- What to produce:
Go over the lines below, and when one contains the word "where", copy it.

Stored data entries
——————————
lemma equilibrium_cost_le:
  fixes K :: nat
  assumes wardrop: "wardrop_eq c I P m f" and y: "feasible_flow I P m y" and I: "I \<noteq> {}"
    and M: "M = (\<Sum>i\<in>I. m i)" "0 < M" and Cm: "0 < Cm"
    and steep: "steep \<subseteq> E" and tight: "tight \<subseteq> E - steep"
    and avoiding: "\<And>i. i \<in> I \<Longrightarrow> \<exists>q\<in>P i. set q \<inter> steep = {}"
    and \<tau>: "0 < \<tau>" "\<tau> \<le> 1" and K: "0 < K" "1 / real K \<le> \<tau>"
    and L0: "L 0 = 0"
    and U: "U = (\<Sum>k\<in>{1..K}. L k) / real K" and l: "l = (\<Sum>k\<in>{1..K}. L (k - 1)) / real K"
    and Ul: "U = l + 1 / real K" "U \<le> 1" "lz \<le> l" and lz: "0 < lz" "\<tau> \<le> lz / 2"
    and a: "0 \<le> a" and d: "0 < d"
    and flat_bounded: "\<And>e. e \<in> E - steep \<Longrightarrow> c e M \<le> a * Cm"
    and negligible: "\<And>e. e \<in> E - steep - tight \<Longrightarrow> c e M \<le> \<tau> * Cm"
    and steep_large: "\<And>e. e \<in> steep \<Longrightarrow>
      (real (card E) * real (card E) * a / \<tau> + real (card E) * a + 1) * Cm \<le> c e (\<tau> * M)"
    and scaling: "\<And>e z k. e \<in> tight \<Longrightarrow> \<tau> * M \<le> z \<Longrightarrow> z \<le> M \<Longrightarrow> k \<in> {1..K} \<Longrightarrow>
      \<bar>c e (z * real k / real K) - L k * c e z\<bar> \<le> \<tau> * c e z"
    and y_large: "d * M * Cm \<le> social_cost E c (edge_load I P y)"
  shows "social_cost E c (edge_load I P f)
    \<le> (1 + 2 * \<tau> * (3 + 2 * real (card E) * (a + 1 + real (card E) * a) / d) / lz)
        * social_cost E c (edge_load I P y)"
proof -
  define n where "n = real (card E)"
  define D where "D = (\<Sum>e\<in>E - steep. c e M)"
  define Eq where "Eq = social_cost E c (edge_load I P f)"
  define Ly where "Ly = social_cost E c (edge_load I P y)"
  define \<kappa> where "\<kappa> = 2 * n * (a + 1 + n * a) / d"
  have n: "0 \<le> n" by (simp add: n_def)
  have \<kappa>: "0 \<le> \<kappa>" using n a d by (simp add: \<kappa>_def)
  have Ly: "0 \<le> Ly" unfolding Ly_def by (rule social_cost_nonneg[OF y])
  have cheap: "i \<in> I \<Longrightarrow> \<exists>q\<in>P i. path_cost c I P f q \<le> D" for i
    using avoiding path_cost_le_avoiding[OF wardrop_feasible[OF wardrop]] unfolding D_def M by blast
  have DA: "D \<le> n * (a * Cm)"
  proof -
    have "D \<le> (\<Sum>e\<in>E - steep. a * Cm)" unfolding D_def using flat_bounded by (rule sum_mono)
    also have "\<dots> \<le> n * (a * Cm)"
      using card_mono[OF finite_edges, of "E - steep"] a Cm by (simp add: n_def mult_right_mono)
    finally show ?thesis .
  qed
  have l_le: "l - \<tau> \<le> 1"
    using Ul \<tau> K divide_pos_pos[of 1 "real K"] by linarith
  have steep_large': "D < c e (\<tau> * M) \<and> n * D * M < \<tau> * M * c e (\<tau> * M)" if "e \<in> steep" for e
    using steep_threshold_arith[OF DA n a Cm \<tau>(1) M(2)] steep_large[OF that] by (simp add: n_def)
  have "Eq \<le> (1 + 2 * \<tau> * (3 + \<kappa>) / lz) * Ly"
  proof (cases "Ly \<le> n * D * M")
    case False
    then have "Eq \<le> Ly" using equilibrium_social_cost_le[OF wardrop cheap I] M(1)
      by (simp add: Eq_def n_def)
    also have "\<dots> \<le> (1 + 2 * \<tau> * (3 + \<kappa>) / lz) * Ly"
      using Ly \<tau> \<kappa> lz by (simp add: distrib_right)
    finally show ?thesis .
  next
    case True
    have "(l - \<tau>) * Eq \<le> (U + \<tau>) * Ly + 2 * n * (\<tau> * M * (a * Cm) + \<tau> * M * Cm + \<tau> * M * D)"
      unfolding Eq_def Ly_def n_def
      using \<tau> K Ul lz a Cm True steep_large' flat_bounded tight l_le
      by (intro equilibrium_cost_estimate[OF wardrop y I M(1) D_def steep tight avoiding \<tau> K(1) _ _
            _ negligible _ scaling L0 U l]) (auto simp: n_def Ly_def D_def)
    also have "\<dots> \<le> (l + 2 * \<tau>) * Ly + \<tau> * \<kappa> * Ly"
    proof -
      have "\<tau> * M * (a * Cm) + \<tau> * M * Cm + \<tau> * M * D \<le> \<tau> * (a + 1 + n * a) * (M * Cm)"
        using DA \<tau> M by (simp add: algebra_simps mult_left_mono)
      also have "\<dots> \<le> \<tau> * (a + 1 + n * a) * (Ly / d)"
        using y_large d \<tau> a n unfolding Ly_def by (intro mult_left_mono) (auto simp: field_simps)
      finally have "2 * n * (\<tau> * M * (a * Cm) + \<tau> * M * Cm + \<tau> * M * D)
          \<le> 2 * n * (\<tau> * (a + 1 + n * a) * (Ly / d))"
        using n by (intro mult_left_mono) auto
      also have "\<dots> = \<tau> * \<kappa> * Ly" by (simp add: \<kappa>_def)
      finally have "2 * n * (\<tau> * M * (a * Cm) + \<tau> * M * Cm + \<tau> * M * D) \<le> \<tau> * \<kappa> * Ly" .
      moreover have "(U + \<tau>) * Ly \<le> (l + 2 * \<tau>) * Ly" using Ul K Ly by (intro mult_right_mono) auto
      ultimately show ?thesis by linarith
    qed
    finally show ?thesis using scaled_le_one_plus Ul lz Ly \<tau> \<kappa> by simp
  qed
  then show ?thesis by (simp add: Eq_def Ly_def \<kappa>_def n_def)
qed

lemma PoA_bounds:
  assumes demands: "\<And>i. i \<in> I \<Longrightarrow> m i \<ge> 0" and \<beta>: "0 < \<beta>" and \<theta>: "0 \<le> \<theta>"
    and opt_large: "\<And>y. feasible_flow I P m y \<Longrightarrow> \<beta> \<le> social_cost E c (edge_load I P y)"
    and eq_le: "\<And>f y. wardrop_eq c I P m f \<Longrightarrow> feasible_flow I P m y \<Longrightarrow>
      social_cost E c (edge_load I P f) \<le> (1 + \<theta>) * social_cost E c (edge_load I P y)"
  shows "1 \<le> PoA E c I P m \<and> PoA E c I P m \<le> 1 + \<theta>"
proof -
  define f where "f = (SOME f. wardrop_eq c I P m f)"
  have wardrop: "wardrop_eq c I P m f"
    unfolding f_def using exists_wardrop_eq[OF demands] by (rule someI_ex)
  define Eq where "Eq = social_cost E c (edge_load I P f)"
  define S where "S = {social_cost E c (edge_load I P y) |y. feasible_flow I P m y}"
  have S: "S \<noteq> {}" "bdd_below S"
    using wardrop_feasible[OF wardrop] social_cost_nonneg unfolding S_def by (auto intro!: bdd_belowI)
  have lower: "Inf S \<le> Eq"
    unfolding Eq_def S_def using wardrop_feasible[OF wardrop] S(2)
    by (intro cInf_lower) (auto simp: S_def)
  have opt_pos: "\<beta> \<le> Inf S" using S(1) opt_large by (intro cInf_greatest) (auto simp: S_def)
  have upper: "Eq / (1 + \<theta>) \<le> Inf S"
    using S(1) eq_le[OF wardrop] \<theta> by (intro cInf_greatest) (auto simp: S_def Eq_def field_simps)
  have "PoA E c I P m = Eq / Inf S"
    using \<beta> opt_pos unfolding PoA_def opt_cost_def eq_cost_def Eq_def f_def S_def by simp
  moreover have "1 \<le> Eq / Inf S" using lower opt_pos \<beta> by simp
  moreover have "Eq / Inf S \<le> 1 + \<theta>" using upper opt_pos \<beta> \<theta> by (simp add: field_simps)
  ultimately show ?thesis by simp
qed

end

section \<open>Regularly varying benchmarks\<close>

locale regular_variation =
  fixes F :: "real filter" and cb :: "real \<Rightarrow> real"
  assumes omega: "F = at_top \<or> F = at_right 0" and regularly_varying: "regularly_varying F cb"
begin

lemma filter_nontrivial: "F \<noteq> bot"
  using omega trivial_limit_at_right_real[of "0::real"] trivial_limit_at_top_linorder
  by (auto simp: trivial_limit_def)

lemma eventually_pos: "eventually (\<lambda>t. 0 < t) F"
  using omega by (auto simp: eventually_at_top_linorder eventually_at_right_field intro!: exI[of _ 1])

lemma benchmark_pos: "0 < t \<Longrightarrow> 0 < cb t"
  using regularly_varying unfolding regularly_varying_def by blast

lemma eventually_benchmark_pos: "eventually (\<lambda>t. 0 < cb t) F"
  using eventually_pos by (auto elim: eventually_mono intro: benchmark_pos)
——————————
- Written answer:
  define n where "n = real (card E)"
  define D where "D = (\<Sum>e\<in>E - steep. c e M)"
  define Eq where "Eq = social_cost E c (edge_load I P f)"
  define Ly where "Ly = social_cost E c (edge_load I P y)"
  define \<kappa> where "\<kappa> = 2 * n * (a + 1 + n * a) / d"
  define f where "f = (SOME f. wardrop_eq c I P m f)"
  define Eq where "Eq = social_cost E c (edge_load I P f)"
  define S where "S = {social_cost E c (edge_load I P y) |y. feasible_flow I P m y}"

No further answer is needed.